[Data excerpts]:
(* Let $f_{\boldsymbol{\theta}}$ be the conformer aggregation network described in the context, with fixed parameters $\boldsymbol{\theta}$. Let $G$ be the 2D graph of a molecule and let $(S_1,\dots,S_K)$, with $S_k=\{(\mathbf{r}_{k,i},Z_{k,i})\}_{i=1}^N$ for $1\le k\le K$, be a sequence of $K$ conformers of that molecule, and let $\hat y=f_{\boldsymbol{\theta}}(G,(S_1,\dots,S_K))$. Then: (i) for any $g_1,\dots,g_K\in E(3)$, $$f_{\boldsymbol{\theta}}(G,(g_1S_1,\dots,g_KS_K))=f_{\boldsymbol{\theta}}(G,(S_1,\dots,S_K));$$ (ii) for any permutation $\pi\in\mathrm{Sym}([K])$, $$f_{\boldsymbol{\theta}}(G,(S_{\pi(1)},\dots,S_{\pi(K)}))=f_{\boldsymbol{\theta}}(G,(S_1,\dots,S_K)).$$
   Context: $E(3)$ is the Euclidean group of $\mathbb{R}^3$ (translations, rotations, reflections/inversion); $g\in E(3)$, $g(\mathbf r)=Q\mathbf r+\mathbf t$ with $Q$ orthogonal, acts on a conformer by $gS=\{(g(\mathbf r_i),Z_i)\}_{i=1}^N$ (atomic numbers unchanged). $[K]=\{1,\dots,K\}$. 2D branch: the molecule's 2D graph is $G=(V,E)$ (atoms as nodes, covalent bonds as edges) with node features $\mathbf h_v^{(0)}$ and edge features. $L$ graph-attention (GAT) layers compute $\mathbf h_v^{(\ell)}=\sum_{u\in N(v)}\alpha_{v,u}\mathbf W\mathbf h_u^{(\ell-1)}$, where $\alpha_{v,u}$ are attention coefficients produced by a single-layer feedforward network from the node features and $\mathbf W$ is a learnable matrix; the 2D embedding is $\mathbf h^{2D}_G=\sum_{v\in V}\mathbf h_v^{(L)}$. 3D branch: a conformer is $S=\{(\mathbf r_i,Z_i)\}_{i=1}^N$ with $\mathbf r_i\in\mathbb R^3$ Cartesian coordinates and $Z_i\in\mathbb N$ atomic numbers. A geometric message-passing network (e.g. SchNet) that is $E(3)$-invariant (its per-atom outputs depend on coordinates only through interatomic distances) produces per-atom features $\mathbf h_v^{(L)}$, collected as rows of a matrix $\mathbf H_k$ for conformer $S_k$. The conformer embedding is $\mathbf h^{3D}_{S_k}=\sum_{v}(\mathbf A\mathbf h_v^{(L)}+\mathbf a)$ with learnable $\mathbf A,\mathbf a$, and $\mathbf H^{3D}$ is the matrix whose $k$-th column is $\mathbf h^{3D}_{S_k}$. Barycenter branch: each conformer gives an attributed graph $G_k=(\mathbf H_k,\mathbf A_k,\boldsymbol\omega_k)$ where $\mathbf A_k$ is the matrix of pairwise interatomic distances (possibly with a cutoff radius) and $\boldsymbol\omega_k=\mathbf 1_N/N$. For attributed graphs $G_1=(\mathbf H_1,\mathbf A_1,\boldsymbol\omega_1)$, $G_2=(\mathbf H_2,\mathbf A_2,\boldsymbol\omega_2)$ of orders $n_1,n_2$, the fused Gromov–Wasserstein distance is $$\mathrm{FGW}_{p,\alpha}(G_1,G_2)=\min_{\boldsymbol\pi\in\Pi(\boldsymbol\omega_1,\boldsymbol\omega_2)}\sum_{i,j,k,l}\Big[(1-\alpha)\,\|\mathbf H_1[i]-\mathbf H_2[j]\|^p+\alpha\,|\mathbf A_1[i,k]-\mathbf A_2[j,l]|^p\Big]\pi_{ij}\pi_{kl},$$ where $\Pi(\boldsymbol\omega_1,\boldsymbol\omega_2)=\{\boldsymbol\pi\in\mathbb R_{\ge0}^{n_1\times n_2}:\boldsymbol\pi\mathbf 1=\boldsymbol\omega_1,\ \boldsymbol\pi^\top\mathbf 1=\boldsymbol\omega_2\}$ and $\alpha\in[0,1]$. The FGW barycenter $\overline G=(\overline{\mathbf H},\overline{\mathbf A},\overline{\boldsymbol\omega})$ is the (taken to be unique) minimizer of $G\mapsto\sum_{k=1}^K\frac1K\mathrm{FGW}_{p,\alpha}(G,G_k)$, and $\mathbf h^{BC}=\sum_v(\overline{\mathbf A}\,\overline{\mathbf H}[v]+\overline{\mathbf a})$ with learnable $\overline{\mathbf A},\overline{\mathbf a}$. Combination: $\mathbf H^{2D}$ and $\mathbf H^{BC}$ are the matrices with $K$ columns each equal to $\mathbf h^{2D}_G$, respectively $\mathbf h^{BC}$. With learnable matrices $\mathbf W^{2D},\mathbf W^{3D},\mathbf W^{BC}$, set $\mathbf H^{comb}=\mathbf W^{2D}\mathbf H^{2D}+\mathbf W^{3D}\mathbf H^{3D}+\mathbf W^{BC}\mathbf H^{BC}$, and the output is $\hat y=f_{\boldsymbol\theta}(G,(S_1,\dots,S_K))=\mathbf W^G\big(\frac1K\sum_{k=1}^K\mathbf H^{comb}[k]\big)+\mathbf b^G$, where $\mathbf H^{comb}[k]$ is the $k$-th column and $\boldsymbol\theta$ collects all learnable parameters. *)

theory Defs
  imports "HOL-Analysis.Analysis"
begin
--
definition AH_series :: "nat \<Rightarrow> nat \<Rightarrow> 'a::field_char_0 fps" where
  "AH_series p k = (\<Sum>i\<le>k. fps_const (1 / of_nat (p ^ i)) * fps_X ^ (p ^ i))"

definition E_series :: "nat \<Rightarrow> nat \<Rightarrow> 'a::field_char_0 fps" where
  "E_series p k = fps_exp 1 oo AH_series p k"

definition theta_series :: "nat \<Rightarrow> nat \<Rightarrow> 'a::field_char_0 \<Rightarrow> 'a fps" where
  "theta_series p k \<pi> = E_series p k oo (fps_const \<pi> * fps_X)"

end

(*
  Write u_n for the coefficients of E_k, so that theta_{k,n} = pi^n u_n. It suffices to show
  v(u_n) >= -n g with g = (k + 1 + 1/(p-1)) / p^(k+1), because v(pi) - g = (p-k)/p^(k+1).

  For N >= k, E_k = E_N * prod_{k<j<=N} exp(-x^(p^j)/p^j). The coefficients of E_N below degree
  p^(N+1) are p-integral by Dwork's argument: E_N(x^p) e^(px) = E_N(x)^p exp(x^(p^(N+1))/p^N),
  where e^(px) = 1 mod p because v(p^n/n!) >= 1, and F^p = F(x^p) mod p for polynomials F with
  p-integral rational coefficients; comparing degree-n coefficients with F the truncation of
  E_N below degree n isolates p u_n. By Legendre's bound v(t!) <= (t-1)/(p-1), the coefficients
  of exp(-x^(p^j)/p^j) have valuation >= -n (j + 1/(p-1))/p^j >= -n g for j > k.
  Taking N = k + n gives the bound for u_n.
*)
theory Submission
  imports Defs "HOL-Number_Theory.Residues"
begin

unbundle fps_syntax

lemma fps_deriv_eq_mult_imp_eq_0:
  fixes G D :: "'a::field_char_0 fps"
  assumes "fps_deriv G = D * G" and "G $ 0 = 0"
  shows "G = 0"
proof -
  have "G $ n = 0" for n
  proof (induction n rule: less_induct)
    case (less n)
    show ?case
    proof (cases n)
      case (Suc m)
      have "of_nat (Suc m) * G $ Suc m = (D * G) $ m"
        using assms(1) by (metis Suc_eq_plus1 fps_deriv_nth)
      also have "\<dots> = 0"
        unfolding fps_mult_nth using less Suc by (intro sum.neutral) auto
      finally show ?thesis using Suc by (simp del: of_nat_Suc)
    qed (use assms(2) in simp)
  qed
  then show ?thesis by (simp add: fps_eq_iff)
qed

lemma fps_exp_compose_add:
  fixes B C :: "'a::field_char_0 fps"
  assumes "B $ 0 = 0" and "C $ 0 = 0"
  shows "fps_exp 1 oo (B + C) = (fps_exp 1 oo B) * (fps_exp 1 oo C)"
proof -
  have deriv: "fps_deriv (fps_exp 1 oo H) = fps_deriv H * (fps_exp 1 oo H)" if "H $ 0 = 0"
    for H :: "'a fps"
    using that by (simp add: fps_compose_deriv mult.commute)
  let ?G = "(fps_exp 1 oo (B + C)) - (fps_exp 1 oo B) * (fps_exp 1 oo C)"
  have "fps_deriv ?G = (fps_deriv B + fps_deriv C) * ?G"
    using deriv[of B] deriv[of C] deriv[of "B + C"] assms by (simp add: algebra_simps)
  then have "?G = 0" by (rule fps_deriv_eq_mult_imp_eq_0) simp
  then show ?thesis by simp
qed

[AIM OF THE EXERCISE]: Starting at the line that has "(Suc m) * G" and ending at the line that has "unfolding fps_mult_nth using", please write out the lines above exactly, leaving out all others.

[ANSWER TO THIS PROBLEM]:
      have "of_nat (Suc m) * G $ Suc m = (D * G) $ m"
        using assms(1) by (metis Suc_eq_plus1 fps_deriv_nth)
      also have "\<dots> = 0"
        unfolding fps_mult_nth using less Suc by (intro sum.neutral) auto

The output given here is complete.